**Extracted material**
lemma phiPT_hom: "phiPT n \<in> hom ((TVB n)\<lparr>carrier := TVP n\<rparr>) ((TVB n)\<lparr>carrier := A n\<rparr>)"
  using phiPT_TVP_in_A by (auto simp: hom_def mult_cls phiPT_cls elim!: TVP_memE)

lemma PL_subset_PT: "PL n \<subseteq> PT n"
proof
  fix x assume x: "x \<in> PL n"
  then have "x \<in> TVP n" by (simp add: PL_def)
  then obtain w where w: "valid_word n w" "x = cls n w" by (rule TVP_memE)
  have "phiPT n (lam n k l) = \<one>\<^bsub>TVB n\<^esub>" if "k \<in> {1..n}" "l \<in> {1..n}" "k \<noteq> l" for k l
    using that unfolding lam_def
    by (simp add: phiPT_cls valid_word_lam_word one_TVB cls_eq_iff eqv_phiPT_lam_word)
  moreover have "phiPT n (gam n j) = gam n j" if "j \<in> {1..n}" for j
    using that unfolding gam_def by (simp add: phiPT_cls)
  ultimately have "phiPT n x = \<one>\<^bsub>TVB n\<^esub>" using x phiPT_hom unfolding PL_def by auto
  then have "eqv n (phiPT_word w) []" using w by (simp add: phiPT_cls one_TVB cls_eq_iff)
  moreover have "w \<in> x" using w by (simp add: cls_self)
  ultimately show "x \<in> PT n" using \<open>x \<in> TVP n\<close> unfolding PT_def TVP_def by auto
qed

section \<open>Conjugating \<open>\<lambda>\<^sub>k\<^sub>l\<close> by \<open>\<rho>\<^sub>a\<close>\<close>

definition conj_rho :: "nat \<Rightarrow> word \<Rightarrow> word" where
  "conj_rho a u = r a # u @ [r a]"

lemma valid_word_conj_rho [simp]: "valid_word n (conj_rho a u) \<longleftrightarrow> 1 \<le> a \<and> a < n \<and> valid_word n u"
  by (auto simp: conj_rho_def)

lemma eqv_conj_rho_cong: "eqv n u v \<Longrightarrow> 1 \<le> a \<Longrightarrow> a < n \<Longrightarrow> eqv n (conj_rho a u) (conj_rho a v)"
  unfolding conj_rho_def using eqv.ctxt[of n u v "[r a]" "[r a]"] by simp

lemma eqv_conj_rho_conj_rho:
  assumes "valid_word n u" "1 \<le> a" "a < n"
  shows "eqv n (conj_rho a (conj_rho a u)) u"
proof -
  have "eqv n (conj_rho a (conj_rho a u)) ([] @ [] @ (u @ [r a, r a]))"
    using assms by (intro eqv_rewrite[OF eqv_rho_rho]) (auto simp: conj_rho_def)
  also have "eqv n \<dots> (u @ [] @ [])"
    using assms by (intro eqv_rewrite[OF eqv_rho_rho]) auto
  finally show ?thesis by simp
qed

lemma eqv_conj_rho_braid:
  assumes "valid_word n u" "1 \<le> a" "a + 1 < n"
  shows "eqv n (conj_rho a (conj_rho (a+1) (conj_rho a u)))
    (conj_rho (a+1) (conj_rho a (conj_rho (a+1) u)))"
proof -
  have "eqv n (conj_rho a (conj_rho (a+1) (conj_rho a u)))
      ([] @ [r (a+1), r a, r (a+1)] @ (u @ [r a, r (a+1), r a]))"
    using assms by (intro eqv_rewrite[OF eqv_rho_braid]) (auto simp: conj_rho_def)
  also have "eqv n \<dots> (([r (a+1), r a, r (a+1)] @ u) @ [r (a+1), r a, r (a+1)] @ [])"
    using assms by (intro eqv_rewrite[OF eqv_rho_braid]) auto
  finally show ?thesis by (simp add: conj_rho_def)
qed

lemma eqv_conj_rho_comm:
  assumes "valid_word n u" "1 \<le> a" "a < n" "1 \<le> b" "b < n" "a + 2 \<le> b \<or> b + 2 \<le> a"
  shows "eqv n (conj_rho a (conj_rho b u)) (conj_rho b (conj_rho a u))"
proof -
  have "eqv n (conj_rho a (conj_rho b u)) ([] @ [r b, r a] @ (u @ [r b, r a]))"
    using assms by (intro eqv_rewrite[OF eqv_rho_comm]) (auto simp: conj_rho_def)
  also have "eqv n \<dots> (([r b, r a] @ u) @ [r a, r b] @ [])"
    using assms by (intro eqv_rewrite[OF eqv_rho_comm]) auto
  finally show ?thesis by (simp add: conj_rho_def)
qed

fun gen_index :: "gen \<Rightarrow> nat" where
  "gen_index (Sg i) = i" | "gen_index (Rg i) = i" | "gen_index (Gg j) = j"

definition far_from :: "nat \<Rightarrow> word \<Rightarrow> bool" where
  "far_from a u \<longleftrightarrow>
    (\<forall>y\<in>set u. (\<forall>j. fst y \<noteq> Gg j) \<and> (a + 2 \<le> gen_index (fst y) \<or> gen_index (fst y) + 2 \<le> a))"

lemma far_from_simps [simp]:
  "far_from a []"
  "far_from a (y # u) \<longleftrightarrow>
    (\<forall>j. fst y \<noteq> Gg j) \<and> (a + 2 \<le> gen_index (fst y) \<or> gen_index (fst y) + 2 \<le> a) \<and> far_from a u"
  "far_from a (u @ v) \<longleftrightarrow> far_from a u \<and> far_from a v"
  by (auto simp: far_from_def)

lemma eqv_rho_letter_comm:
  assumes "1 \<le> a" "a < n" "valid_gen n (fst y)" "far_from a [y]"
  shows "eqv n [r a, y] [y, r a]"
proof -
  obtain x e where y: "y = (x, e)" by fastforce
  have comm: "eqv n [r a, (x, False)] [(x, False), r a]"
    using assms y eqv_rho_comm[of a n] eqv_sigma_rho_comm[of _ n a]
    by (cases x) (auto intro: eqv.sym)
  show ?thesis
  proof (cases e)
    case False
    then show ?thesis using comm y by simp
  next
    case True
    have "eqv n [r a, y] ([] @ [(x, True), (x, False)] @ [r a, y])"
      using assms y by (intro eqv_rewrite_sym[OF eqv_cancel_inv]) auto
    also have "eqv n \<dots> ([(x, True)] @ [r a, (x, False)] @ [y])"
      using assms y by (intro eqv_rewrite_sym[OF comm]) auto
    also have "eqv n \<dots> ([y, r a] @ [] @ [])"
      using assms y True by (intro eqv_rewrite[OF eqv_cancel]) auto
    finally show ?thesis by simp
  qed
qed

lemma eqv_rho_far_word_comm:
  "valid_word n u \<Longrightarrow> far_from a u \<Longrightarrow> 1 \<le> a \<Longrightarrow> a < n \<Longrightarrow> eqv n (r a # u) (u @ [r a])"
proof (induction u)
  case Nil
  then show ?case by (simp add: eqv.refl)
next
  case (Cons y u)
  have "eqv n (r a # y # u) ([] @ [y, r a] @ u)"
    using Cons.prems by (intro eqv_rewrite[OF eqv_rho_letter_comm]) auto
  also have "eqv n \<dots> ([y] @ (u @ [r a]) @ [])"
    using Cons by (intro eqv_rewrite[OF Cons.IH]) auto
  finally show ?case by simp
qed

lemma eqv_conj_rho_far:
  assumes "valid_word n u" "far_from a u" "1 \<le> a" "a < n"
  shows "eqv n (conj_rho a u) u"
proof -
  have "eqv n (conj_rho a u) ([] @ (u @ [r a]) @ [r a])"
    using assms by (intro eqv_rewrite[OF eqv_rho_far_word_comm]) (auto simp: conj_rho_def)
  also have "eqv n \<dots> (u @ [] @ [])"
    using assms by (intro eqv_rewrite[OF eqv_rho_rho]) auto
  finally show ?thesis by simp
qed

lemma lam_word_Suc: "lam_word k (Suc k) = [r k, s' k]"
  by (simp add: lam_word_def)

lemma lam_word_Suc_left: "lam_word (Suc l) l = conj_rho l [r l, s' l]"
  by (simp add: lam_word_def conj_rho_def)

lemma lam_word_less_rec: "Suc k < l \<Longrightarrow> lam_word k l = conj_rho (l - 1) (lam_word k (l - 1))"
  by (cases l) (auto simp: lam_word_def conj_rho_def)

lemma lam_word_greater_rec: "Suc l < k \<Longrightarrow> lam_word k l = conj_rho (k - 1) (lam_word (k - 1) l)"
  by (cases k) (auto simp: lam_word_def conj_rho_def)

lemma far_from_lam_word: "k \<noteq> l \<Longrightarrow> a + 2 \<le> min k l \<or> max k l + 1 \<le> a \<Longrightarrow> far_from a (lam_word k l)"
  by (auto simp: lam_word_def far_from_def)

text \<open>This is where the relation \<open>\<rho>\<^sub>i\<rho>\<^sub>i\<^sub>+\<^sub>1\<sigma>\<^sub>i = \<sigma>\<^sub>i\<^sub>+\<^sub>1\<rho>\<^sub>i\<rho>\<^sub>i\<^sub>+\<^sub>1\<close> enters.\<close>
lemma eqv_conj_rho_lam_shift:
  assumes "1 \<le> i" "i + 1 < n"
  shows "eqv n (conj_rho i (conj_rho (i+1) [r i, s' i])) [r (i+1), s' (i+1)]"
proof -
  have "eqv n [r i, r (i+1), s' i, r (i+1), r i]
      ([] @ [s' (i+1), s (i+1)] @ [r i, r (i+1), s' i, r (i+1), r i])"
    using assms by (intro eqv_rewrite_sym[OF eqv_cancel_inv]) auto
  also have "eqv n \<dots> ([s' (i+1)] @ [r i, r (i+1), s i] @ [s' i, r (i+1), r i])"
    using assms by (intro eqv_rewrite_sym[OF eqv_rho_rho_sigma]) auto
  also have "eqv n \<dots> ([s' (i+1), r i, r (i+1)] @ [] @ [r (i+1), r i])"
    using assms by (intro eqv_rewrite[OF eqv_cancel]) auto
  also have "eqv n \<dots> ([s' (i+1), r i] @ [] @ [r i])"
    using assms by (intro eqv_rewrite[OF eqv_rho_rho[of "i+1"]]) auto
  also have "eqv n \<dots> ([s' (i+1)] @ [] @ [])"
    using assms by (intro eqv_rewrite[OF eqv_rho_rho]) auto
  finally have inner: "eqv n [r i, r (i+1), s' i, r (i+1), r i] [s' (i+1)]" by simp
  have "eqv n (conj_rho i (conj_rho (i+1) [r i, s' i]))
      ([] @ [r (i+1), r i, r (i+1)] @ [s' i, r (i+1), r i])"
    using assms by (intro eqv_rewrite[OF eqv_rho_braid]) (auto simp: conj_rho_def)
  also have "eqv n \<dots> ([r (i+1)] @ [s' (i+1)] @ [])"
    using assms by (intro eqv_rewrite[OF inner]) auto
  finally show ?thesis by simp
qed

**Directions for this task**
In the entries above, count every line containing the word "unfolding". Write only the total.

**Solution for this task**
5